(Task objective)
Lines of the listing that contain "where" need to be copied.

(Stored data)
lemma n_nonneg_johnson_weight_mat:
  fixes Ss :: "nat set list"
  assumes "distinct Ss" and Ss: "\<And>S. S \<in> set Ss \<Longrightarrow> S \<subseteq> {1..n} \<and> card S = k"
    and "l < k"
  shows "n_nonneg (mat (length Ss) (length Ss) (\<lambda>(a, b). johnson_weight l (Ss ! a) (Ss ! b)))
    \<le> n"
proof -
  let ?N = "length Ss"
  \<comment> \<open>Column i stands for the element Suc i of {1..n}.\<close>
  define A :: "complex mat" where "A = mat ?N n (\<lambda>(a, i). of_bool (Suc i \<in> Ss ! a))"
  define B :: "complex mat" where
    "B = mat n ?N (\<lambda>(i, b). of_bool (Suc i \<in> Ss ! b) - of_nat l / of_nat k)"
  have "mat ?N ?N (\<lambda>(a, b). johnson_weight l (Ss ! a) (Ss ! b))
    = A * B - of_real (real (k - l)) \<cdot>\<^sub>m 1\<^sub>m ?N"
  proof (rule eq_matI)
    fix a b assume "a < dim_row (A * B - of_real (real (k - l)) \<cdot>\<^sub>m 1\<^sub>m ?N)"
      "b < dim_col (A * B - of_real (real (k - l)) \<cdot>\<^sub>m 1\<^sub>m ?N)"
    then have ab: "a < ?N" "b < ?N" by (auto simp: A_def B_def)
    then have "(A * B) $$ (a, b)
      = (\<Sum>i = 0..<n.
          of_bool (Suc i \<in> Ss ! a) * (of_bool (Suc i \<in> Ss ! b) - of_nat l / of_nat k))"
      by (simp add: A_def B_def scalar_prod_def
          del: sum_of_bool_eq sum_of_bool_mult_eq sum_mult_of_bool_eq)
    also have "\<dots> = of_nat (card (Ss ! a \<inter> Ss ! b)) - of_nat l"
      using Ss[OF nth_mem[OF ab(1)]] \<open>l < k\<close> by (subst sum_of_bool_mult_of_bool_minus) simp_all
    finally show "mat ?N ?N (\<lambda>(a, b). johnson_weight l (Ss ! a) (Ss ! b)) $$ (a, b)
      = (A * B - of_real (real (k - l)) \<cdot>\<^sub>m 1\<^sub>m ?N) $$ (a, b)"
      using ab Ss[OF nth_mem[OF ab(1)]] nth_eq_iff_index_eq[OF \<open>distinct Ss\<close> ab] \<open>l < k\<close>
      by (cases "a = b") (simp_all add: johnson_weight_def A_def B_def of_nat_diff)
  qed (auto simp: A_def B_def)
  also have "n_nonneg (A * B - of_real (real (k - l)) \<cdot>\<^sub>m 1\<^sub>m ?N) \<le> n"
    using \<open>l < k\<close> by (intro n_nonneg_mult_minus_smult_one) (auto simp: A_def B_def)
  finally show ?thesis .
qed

(Output for this task)
  define A :: "complex mat" where "A = mat ?N n (\<lambda>(a, i). of_bool (Suc i \<in> Ss ! a))"
  define B :: "complex mat" where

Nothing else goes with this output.